**Exercise aim**: Return each line exactly as written. Begin with the first line of the entries and end with the line that has "A single quadratic".

----- Entries shown

(* Linearised at the origin, the w-equation is driven by x without feeding back, so the spectrum
   is {-1} together with that of the (x,z)-block [[a, 1], [2\<delta>, -2]], a = \<delta>(\<alpha>/k1 + \<beta>) - \<delta> - 1.
   As \<alpha>/k1 + \<beta> = (k2 - k1)/k1 = 1/\<delta>c, the block has determinant -\<sigma> with
   \<sigma> = 2a + 2\<delta> = 2(\<delta>/\<delta>c - 1), and its trace a - 2 is negative when \<sigma> < 0.
   A single quadratic form V, which solves the Lyapunov equation of the block and is coupled to w
   with a suitable weight, has derivative along the linearisation equal to \<sigma> times a positive
   definite form; the nonlinearity is O(|y|^2), so near 0 the derivative of V along solutions has
   the sign of \<sigma>.  For \<sigma> < 0, V is positive definite and Lyapunov's direct method gives
   asymptotic stability.  For \<sigma> > 0, V is positive somewhere in every neighbourhood of 0 and
   grows along solutions, which therefore leave a fixed ball (Chetaev); the solutions needed for
   this come from Picard iteration for a globally Lipschitz extension of the field. *)

section \<open>Lyapunov's direct method\<close>

lemma deriv_nonneg_imp_mono_within:
  fixes h h' :: "real \<Rightarrow> real"
  assumes "a \<le> b"
    and deriv: "\<And>t. t \<in> {a..b} \<Longrightarrow> (h has_real_derivative h' t) (at t within {a..b})"
    and nonneg: "\<And>t. t \<in> {a..b} \<Longrightarrow> h' t \<ge> 0"
  shows "h a \<le> h b"
proof (rule DERIV_nonneg_imp_increasing_open[OF \<open>a \<le> b\<close>])
  show "continuous_on {a..b} h"
    unfolding continuous_on_eq_continuous_within using deriv DERIV_continuous by blast
  fix t assume "a < t" "t < b"
  then have "(h has_real_derivative h' t) (at t)"
    using deriv[of t] at_within_Icc_at[of a t b] by auto
  then show "\<exists>y. DERIV h t :> y \<and> 0 \<le> y" using nonneg[of t] \<open>a < t\<close> \<open>t < b\<close> by auto
qed

lemma continuous_on_first_crossing:
  fixes g :: "real \<Rightarrow> real"
  assumes cont: "continuous_on {0..T} g" and "g 0 < e" and "t \<in> {0..T}" "e \<le> g t"
  obtains \<tau> where "\<tau> \<in> {0..T}" "g \<tau> = e" "\<And>s. s \<in> {0..\<tau>} \<Longrightarrow> g s \<le> e"
proof -
  define S where "S = {t \<in> {0..T}. e \<le> g t}"
  have "closed S" unfolding S_def
    by (rule continuous_on_closed_Collect_le[OF continuous_on_const cont]) simp
  moreover have "S \<noteq> {}" "bdd_below S" using assms unfolding S_def by (auto intro: bdd_belowI[of _ 0])
  ultimately have "Inf S \<in> S" by (intro closed_contains_Inf)
  then have \<tau>: "Inf S \<in> {0..T}" "e \<le> g (Inf S)" unfolding S_def by auto
  have below: "g s < e" if "s \<in> {0..T}" "s < Inf S" for s
  proof (rule ccontr)
    assume "\<not> g s < e"
    then have "s \<in> S" using that unfolding S_def by auto
    then show False using cInf_lower[OF _ \<open>bdd_below S\<close>] that by force
  qed
  obtain s where s: "0 \<le> s" "s \<le> Inf S" "g s = e"
    using IVT'[of g 0 e "Inf S"] \<tau> \<open>g 0 < e\<close> continuous_on_subset[OF cont] by auto
  then have "s = Inf S" using below[of s] \<tau> by force
  then show thesis
    using that[of "Inf S"] \<tau> s below by (force simp: less_eq_real_def)
qed

lemma ode_solution_continuous_on: "ode_solution f y T \<Longrightarrow> continuous_on {0..T} y"
  unfolding ode_solution_def by (intro continuous_on_vector_derivative) auto
(* Let $A,B\in\mathcal{M}_n$, let $\psi\colon H^*(M(A);\mathbb{Z})\to H^*(M(B);\mathbb{Z})$ be a graded ring isomorphism, and denote also by $\psi$ its rationalization $H^*(M(A);\mathbb{Q})\to H^*(M(B);\mathbb{Q})$. Let $\sigma$ be a permutation of $\{1,\dots,n\}$ and $q_1,\dots,q_n$ nonzero rationals with $\psi(y^A_j)=q_jy^B_{\sigma(j)}$ for all $j$ (such data exist). Then $q_j\in\{\pm\tfrac12,\pm1,\pm2\}$ for every $j$, and (1) $q_j\in\{\pm\tfrac12\}$ if and only if $\alpha^A_j\not\equiv0\pmod2$ and $\alpha^B_{\sigma(j)}\equiv0\pmod 2$; (2) $q_j\in\{\pm2\}$ if and only if $\alpha^A_j\equiv0\pmod2$ and $\alpha^B_{\sigma(j)}\not\equiv0\pmod2$. Moreover, if $q_j=\pm1$ for all $j$, then $\psi(p(M(A)))=p(M(B))$, where $p$ denotes the total Pontrjagin class.
   Context: Let $\mathcal{M}_n$ be the set of integral strictly upper triangular $n\times n$ matrices $A=(A^i_j)$ ($A^i_j$ is the $(i,j)$ entry, and $A^i_j=0$ for $i\ge j$). For $A\in\mathcal{M}_n$, $M(A)$ denotes the Bott manifold obtained as the quotient of $(S^3)^n$ ($S^3\subset\mathbb{C}^2$ the unit sphere) by the free $(S^1)^n$-action $(g_1,\dots,g_n)\cdot((z_1,w_1),\dots,(z_n,w_n))=\big(((\prod_{k<j}g_k^{-A^k_j})g_jz_j,\ g_jw_j)\big)_{j=1}^n$. Let $x^A_j\in H^2(M(A);\mathbb{Z})$ be the first Chern class of the line bundle obtained as the quotient of $(S^3)^n\times\mathbb{C}$ where $g$ acts on the $\mathbb{C}$-factor by $g_j^{-1}$. Put $\alpha^A_j=\sum_{i<j}A^i_jx^A_i\in H^2(M(A);\mathbb{Z})$; congruences mod $2$ are taken in $H^2(M(A);\mathbb{Z})$ with basis $x^A_1,\dots,x^A_n$. Then $H^*(M(A);\mathbb{Z})=\mathbb{Z}[x^A_1,\dots,x^A_n]/((x^A_j)^2-\alpha^A_jx^A_j\mid j=1,\dots,n)$. Define $y^A_j=x^A_j-\tfrac12\alpha^A_j\in H^2(M(A);\mathbb{Q})$. The same notation is used for $B$. *)

theory Defs
  imports Complex_Main "HOL-Library.Poly_Mapping" "HOL-Algebra.QuotRing"
begin

text \<open>Integral polynomials in the variables x_1, x_2, ... (monomials are finitely
supported exponent vectors nat =>0 nat).\<close>
type_synonym ipoly = "(nat \<Rightarrow>\<^sub>0 nat) \<Rightarrow>\<^sub>0 int"

definition Xv :: "nat \<Rightarrow> ipoly" where
  "Xv i = Poly_Mapping.single (Poly_Mapping.single i 1) 1"

definition polyR :: "nat \<Rightarrow> ipoly ring" where
  "polyR n = \<lparr>carrier = {p::ipoly. \<forall>m\<in>Poly_Mapping.keys p. Poly_Mapping.keys m \<subseteq> {1..n}},
              monoid.mult = (*), one = 1, zero = 0, add = (+)\<rparr>"

text \<open>M_n: integral strictly upper triangular n x n matrices, entries A i j, 1 <= i,j <= n
  (all entries outside the index range are zero).\<close>
definition bott_mat :: "nat \<Rightarrow> (nat \<Rightarrow> nat \<Rightarrow> int) set" where
  "bott_mat n = {A. \<forall>i j. A i j \<noteq> 0 \<longrightarrow> 1 \<le> i \<and> i < j \<and> j \<le> n}"

definition alphaP :: "(nat \<Rightarrow> nat \<Rightarrow> int) \<Rightarrow> nat \<Rightarrow> ipoly" where
  "alphaP A j = (\<Sum>i\<in>{1..<j}. of_int (A i j) * Xv i)"

definition bott_ideal :: "nat \<Rightarrow> (nat \<Rightarrow> nat \<Rightarrow> int) \<Rightarrow> ipoly set" where
  "bott_ideal n A = genideal (polyR n) {Xv j * Xv j - alphaP A j * Xv j | j. j \<in> {1..n}}"

definition Hcoh :: "nat \<Rightarrow> (nat \<Rightarrow> nat \<Rightarrow> int) \<Rightarrow> ipoly set ring" where
  "Hcoh n A = polyR n Quot bott_ideal n A"

definition cls :: "nat \<Rightarrow> (nat \<Rightarrow> nat \<Rightarrow> int) \<Rightarrow> ipoly \<Rightarrow> ipoly set" where
  "cls n A f = bott_ideal n A +>\<^bsub>polyR n\<^esub> f"

definition homog :: "nat \<Rightarrow> ipoly \<Rightarrow> bool" where
  "homog k f \<longleftrightarrow> (\<forall>m\<in>Poly_Mapping.keys f. (\<Sum>i\<in>Poly_Mapping.keys m. Poly_Mapping.lookup m i) = k)"

text \<open>Hdeg n A k = H^{2k}(M(A);Z) (x_j has cohomological degree 2).\<close>
definition Hdeg :: "nat \<Rightarrow> (nat \<Rightarrow> nat \<Rightarrow> int) \<Rightarrow> nat \<Rightarrow> ipoly set set" where
  "Hdeg n A k = {cls n A f | f. f \<in> carrier (polyR n) \<and> homog k f}"
lemma expectation_hits_sq:
  "expect (\<lambda>f. real (hits s B f) ^ 2) = s * (card B / m) + s * (real s - 1) * (card B / m)^2"
proof -
  let ?q = "card B / m"
  have "{(j, k) \<in> {1..s} \<times> {1..s}. f j \<in> B \<and> f k \<in> B}
      = {x \<in> {1..s} \<times> {1..s}. f (fst x) \<in> B \<and> f (snd x) \<in> B}" for f :: "nat \<Rightarrow> nat"
    by auto
  then have "expect (\<lambda>f. real (hits s B f) ^ 2)
      = (\<Sum>x\<in>{1..s} \<times> {1..s}. prob {f. f (fst x) \<in> B \<and> f (snd x) \<in> B})"
    unfolding of_nat_power[symmetric] hits_sq by (simp add: expectation_card_filter)
  also have "\<dots> = (\<Sum>j\<in>{1..s}. \<Sum>k\<in>{1..s}. ?q^2 + (if k = j then ?q - ?q^2 else 0))"
    unfolding sum.cartesian_product'
    by (intro sum.cong refl) (auto simp: prob_sample_in prob_sample_pair_in)
  also have "\<dots> = s * ?q + s * (real s - 1) * ?q^2"
    by (simp add: sum.distrib algebra_simps)
  finally show ?thesis .
qed

lemma expectation_collisions:
  "expect (\<lambda>f. real (collisions s B f)) = s * (real s - 1) * (card B / (real m)^2)"
proof -
  let ?r = "card B / (real m)^2"
  have "{(j, k) \<in> {1..s} \<times> {1..s}. j \<noteq> k \<and> f j = f k \<and> f j \<in> B}
      = {x \<in> {1..s} \<times> {1..s}. fst x \<noteq> snd x \<and> f (fst x) = f (snd x) \<and> f (fst x) \<in> B}"
    for f :: "nat \<Rightarrow> nat"
    by auto
  then have "expect (\<lambda>f. real (collisions s B f))
      = (\<Sum>x\<in>{1..s} \<times> {1..s}. prob {f. fst x \<noteq> snd x \<and> f (fst x) = f (snd x) \<and> f (fst x) \<in> B})"
    unfolding collisions_def by (simp add: expectation_card_filter)
  also have "\<dots> = (\<Sum>j\<in>{1..s}. \<Sum>k\<in>{1..s}. ?r - (if k = j then ?r else 0))"
    unfolding sum.cartesian_product'
    by (intro sum.cong refl) (auto simp: prob_sample_collision_in)
  also have "\<dots> = s * (real s - 1) * ?r"
    by (simp add: sum_subtractf algebra_simps add_divide_distrib[symmetric])
  finally show ?thesis .
qed

lemma integrable_hits:
  "integrable D (\<lambda>f. real (hits s B f))" "integrable D (\<lambda>f. real (hits s B f) ^ 2)"
  by (rule integrable_measure_pmf_bounded[of _ s], simp add: hits_le,
      rule integrable_measure_pmf_bounded[of _ "s^2"], simp add: hits_le power_mono)

lemma integrable_collisions: "integrable D (\<lambda>f. real (collisions s B f))"
  by (rule integrable_measure_pmf_bounded[of _ "real (s * s)"]) (simp del: of_nat_mult add: collisions_le)

text \<open>Chebyshev: pairwise independence already gives variance at most the mean.\<close>
lemma prob_hits_lt_half_le:
  assumes "\<mu> = s * (card B / m)" "\<mu> > 0"
  shows "prob {f. hits s B f < \<mu> / 2} \<le> 4 / \<mu>"
proof -
  let ?h = "\<lambda>f. real (hits s B f)"
  have "measure_pmf.variance D ?h = expect (\<lambda>f. ?h f ^ 2) - (expect ?h)^2"
    by (rule measure_pmf.variance_eq[OF integrable_hits])
  also have "\<dots> = \<mu> - s * (card B / m)^2"
    unfolding expectation_hits expectation_hits_sq assms(1)
    by (simp add: power2_eq_square algebra_simps add_divide_distrib[symmetric])
  finally have var: "measure_pmf.variance D ?h \<le> \<mu>" by simp
  have "expect ?h = \<mu>" unfolding expectation_hits assms(1) ..
  then have "prob {f. ?h f < \<mu> / 2} \<le> prob {f \<in> space D. \<mu> / 2 \<le> \<bar>?h f - expect ?h\<bar>}"
    by (intro measure_pmf.finite_measure_mono) auto
  also have "\<dots> \<le> measure_pmf.variance D ?h / (\<mu> / 2)^2"
    using integrable_hits(2) assms(2) by (intro measure_pmf.Chebyshev_inequality) simp_all
  also have "\<dots> \<le> \<mu> / (\<mu> / 2)^2"
    using var by (simp add: divide_right_mono)
  also have "\<dots> = 4 / \<mu>"
    using assms(2) by (simp add: power2_eq_square field_simps)
  finally show ?thesis by simp
qed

----------

**Answer to this exercise**:
(* Linearised at the origin, the w-equation is driven by x without feeding back, so the spectrum
   is {-1} together with that of the (x,z)-block [[a, 1], [2\<delta>, -2]], a = \<delta>(\<alpha>/k1 + \<beta>) - \<delta> - 1.
   As \<alpha>/k1 + \<beta> = (k2 - k1)/k1 = 1/\<delta>c, the block has determinant -\<sigma> with
   \<sigma> = 2a + 2\<delta> = 2(\<delta>/\<delta>c - 1), and its trace a - 2 is negative when \<sigma> < 0.
   A single quadratic form V, which solves the Lyapunov equation of the block and is coupled to w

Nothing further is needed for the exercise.